▶ **GOAL OF THE EXERCISE**: Give back all of the data exactly as it appears here.

▶ **DATA SHOWN**:
lemma katuJ_bounds:
  fixes v :: "real \<Rightarrow> real"
  assumes x: "x > 0" and \<rho>: "\<rho> > 0" and \<alpha>: "\<alpha> > 0"
    and v_bounds: "\<And>\<tau>. 0 \<le> \<tau> \<Longrightarrow> \<tau> \<le> x \<Longrightarrow> m \<le> v \<tau> \<and> v \<tau> \<le> M"
    and kernel_v: "set_integrable lborel {0..x} (\<lambda>\<tau>. katu_kernel \<rho> \<alpha> \<eta> x \<tau> * v \<tau>)"
    and kernel: "set_integrable lborel {0..x} (\<lambda>\<tau>. katu_kernel \<rho> \<alpha> \<eta> x \<tau>)"
  shows "m * katuLambda \<rho> \<beta> x k \<alpha> \<eta> \<le> katuJ \<rho> \<alpha> \<beta> \<eta> k v x"
    and "katuJ \<rho> \<alpha> \<beta> \<eta> k v x \<le> M * katuLambda \<rho> \<beta> x k \<alpha> \<eta>"
proof -
  have \<eta>: "\<eta> > -1"
    using set_integrable_katu_kernel_imp_gt[OF x \<rho>] kernel by simp
  have kernel_c: "set_integrable lborel {0..x} (\<lambda>\<tau>. katu_kernel \<rho> \<alpha> \<eta> x \<tau> * c)" for c
    using kernel by (rule set_integrable_mult_left)
  show "m * katuLambda \<rho> \<beta> x k \<alpha> \<eta> \<le> katuJ \<rho> \<alpha> \<beta> \<eta> k v x"
    using katuJ_mono[OF \<alpha> kernel_c kernel_v, of m] v_bounds by (simp add: katuJ_const[OF x \<rho> \<alpha> \<eta>])
  show "katuJ \<rho> \<alpha> \<beta> \<eta> k v x \<le> M * katuLambda \<rho> \<beta> x k \<alpha> \<eta>"
    using katuJ_mono[OF \<alpha> kernel_v kernel_c, of M] v_bounds by (simp add: katuJ_const[OF x \<rho> \<alpha> \<eta>])
qed

theorem corollary1:
  fixes v :: "real \<Rightarrow> real" and m M x \<alpha> \<rho> \<delta> \<beta> \<eta> k lam :: real
  assumes v_int: "\<And>t. t > 0 \<Longrightarrow> set_integrable lborel {0..t} v"
    and v_bounds: "\<And>t. t \<ge> 0 \<Longrightarrow> m \<le> v t \<and> v t \<le> M"
    and x_pos: "x > 0" and \<alpha>_pos: "\<alpha> > 0" and \<rho>_pos: "\<rho> > 0" and \<delta>_pos: "\<delta> > 0"
    and ex_J\<alpha>: "set_integrable lborel {0..x} (\<lambda>\<tau>. katu_kernel \<rho> \<alpha> \<eta> x \<tau> * v \<tau>)"
    and ex_J\<delta>: "set_integrable lborel {0..x} (\<lambda>\<tau>. katu_kernel \<rho> \<delta> \<eta> x \<tau> * v \<tau>)"
    and ex_J\<alpha>1: "set_integrable lborel {0..x} (\<lambda>\<tau>. katu_kernel \<rho> \<alpha> \<eta> x \<tau>)"
    and ex_J\<delta>1: "set_integrable lborel {0..x} (\<lambda>\<tau>. katu_kernel \<rho> \<delta> \<eta> x \<tau>)"
  shows "M * katuLambda \<rho> \<beta> x k \<alpha> \<eta> * katuJ \<rho> \<delta> lam \<eta> k v x
           + m * katuLambda \<rho> lam x k \<delta> \<eta> * katuJ \<rho> \<alpha> \<beta> \<eta> k v x
         \<ge> katuJ \<rho> \<alpha> \<beta> \<eta> k v x * katuJ \<rho> \<delta> lam \<eta> k v x
           + m * M * katuLambda \<rho> \<beta> x k \<alpha> \<eta> * katuLambda \<rho> lam x k \<delta> \<eta>"
proof -
  have v_bounds_x: "\<And>\<tau>. 0 \<le> \<tau> \<Longrightarrow> \<tau> \<le> x \<Longrightarrow> m \<le> v \<tau> \<and> v \<tau> \<le> M"
    using v_bounds by simp
  have "katuJ \<rho> \<alpha> \<beta> \<eta> k v x \<le> M * katuLambda \<rho> \<beta> x k \<alpha> \<eta>"
    by (rule katuJ_bounds(2)[OF x_pos \<rho>_pos \<alpha>_pos v_bounds_x ex_J\<alpha> ex_J\<alpha>1])
  moreover have "m * katuLambda \<rho> lam x k \<delta> \<eta> \<le> katuJ \<rho> \<delta> lam \<eta> k v x"
    by (rule katuJ_bounds(1)[OF x_pos \<rho>_pos \<delta>_pos v_bounds_x ex_J\<delta> ex_J\<delta>1])
  ultimately have "0 \<le> (M * katuLambda \<rho> \<beta> x k \<alpha> \<eta> - katuJ \<rho> \<alpha> \<beta> \<eta> k v x)
                      * (katuJ \<rho> \<delta> lam \<eta> k v x - m * katuLambda \<rho> lam x k \<delta> \<eta>)"
    by simp
  then show ?thesis
    by (simp add: algebra_simps)
qed

end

▶ **RESULT BELOW**:
lemma katuJ_bounds:
  fixes v :: "real \<Rightarrow> real"
  assumes x: "x > 0" and \<rho>: "\<rho> > 0" and \<alpha>: "\<alpha> > 0"
    and v_bounds: "\<And>\<tau>. 0 \<le> \<tau> \<Longrightarrow> \<tau> \<le> x \<Longrightarrow> m \<le> v \<tau> \<and> v \<tau> \<le> M"
    and kernel_v: "set_integrable lborel {0..x} (\<lambda>\<tau>. katu_kernel \<rho> \<alpha> \<eta> x \<tau> * v \<tau>)"
    and kernel: "set_integrable lborel {0..x} (\<lambda>\<tau>. katu_kernel \<rho> \<alpha> \<eta> x \<tau>)"
  shows "m * katuLambda \<rho> \<beta> x k \<alpha> \<eta> \<le> katuJ \<rho> \<alpha> \<beta> \<eta> k v x"
    and "katuJ \<rho> \<alpha> \<beta> \<eta> k v x \<le> M * katuLambda \<rho> \<beta> x k \<alpha> \<eta>"
proof -
  have \<eta>: "\<eta> > -1"
    using set_integrable_katu_kernel_imp_gt[OF x \<rho>] kernel by simp
  have kernel_c: "set_integrable lborel {0..x} (\<lambda>\<tau>. katu_kernel \<rho> \<alpha> \<eta> x \<tau> * c)" for c
    using kernel by (rule set_integrable_mult_left)
  show "m * katuLambda \<rho> \<beta> x k \<alpha> \<eta> \<le> katuJ \<rho> \<alpha> \<beta> \<eta> k v x"
    using katuJ_mono[OF \<alpha> kernel_c kernel_v, of m] v_bounds by (simp add: katuJ_const[OF x \<rho> \<alpha> \<eta>])
  show "katuJ \<rho> \<alpha> \<beta> \<eta> k v x \<le> M * katuLambda \<rho> \<beta> x k \<alpha> \<eta>"
    using katuJ_mono[OF \<alpha> kernel_v kernel_c, of M] v_bounds by (simp add: katuJ_const[OF x \<rho> \<alpha> \<eta>])
qed

theorem corollary1:
  fixes v :: "real \<Rightarrow> real" and m M x \<alpha> \<rho> \<delta> \<beta> \<eta> k lam :: real
  assumes v_int: "\<And>t. t > 0 \<Longrightarrow> set_integrable lborel {0..t} v"
    and v_bounds: "\<And>t. t \<ge> 0 \<Longrightarrow> m \<le> v t \<and> v t \<le> M"
    and x_pos: "x > 0" and \<alpha>_pos: "\<alpha> > 0" and \<rho>_pos: "\<rho> > 0" and \<delta>_pos: "\<delta> > 0"
    and ex_J\<alpha>: "set_integrable lborel {0..x} (\<lambda>\<tau>. katu_kernel \<rho> \<alpha> \<eta> x \<tau> * v \<tau>)"
    and ex_J\<delta>: "set_integrable lborel {0..x} (\<lambda>\<tau>. katu_kernel \<rho> \<delta> \<eta> x \<tau> * v \<tau>)"
    and ex_J\<alpha>1: "set_integrable lborel {0..x} (\<lambda>\<tau>. katu_kernel \<rho> \<alpha> \<eta> x \<tau>)"
    and ex_J\<delta>1: "set_integrable lborel {0..x} (\<lambda>\<tau>. katu_kernel \<rho> \<delta> \<eta> x \<tau>)"
  shows "M * katuLambda \<rho> \<beta> x k \<alpha> \<eta> * katuJ \<rho> \<delta> lam \<eta> k v x
           + m * katuLambda \<rho> lam x k \<delta> \<eta> * katuJ \<rho> \<alpha> \<beta> \<eta> k v x
         \<ge> katuJ \<rho> \<alpha> \<beta> \<eta> k v x * katuJ \<rho> \<delta> lam \<eta> k v x
           + m * M * katuLambda \<rho> \<beta> x k \<alpha> \<eta> * katuLambda \<rho> lam x k \<delta> \<eta>"
proof -
  have v_bounds_x: "\<And>\<tau>. 0 \<le> \<tau> \<Longrightarrow> \<tau> \<le> x \<Longrightarrow> m \<le> v \<tau> \<and> v \<tau> \<le> M"
    using v_bounds by simp
  have "katuJ \<rho> \<alpha> \<beta> \<eta> k v x \<le> M * katuLambda \<rho> \<beta> x k \<alpha> \<eta>"
    by (rule katuJ_bounds(2)[OF x_pos \<rho>_pos \<alpha>_pos v_bounds_x ex_J\<alpha> ex_J\<alpha>1])
  moreover have "m * katuLambda \<rho> lam x k \<delta> \<eta> \<le> katuJ \<rho> \<delta> lam \<eta> k v x"
    by (rule katuJ_bounds(1)[OF x_pos \<rho>_pos \<delta>_pos v_bounds_x ex_J\<delta> ex_J\<delta>1])
  ultimately have "0 \<le> (M * katuLambda \<rho> \<beta> x k \<alpha> \<eta> - katuJ \<rho> \<alpha> \<beta> \<eta> k v x)
                      * (katuJ \<rho> \<delta> lam \<eta> k v x - m * katuLambda \<rho> lam x k \<delta> \<eta>)"
    by simp
  then show ?thesis
    by (simp add: algebra_simps)
qed

end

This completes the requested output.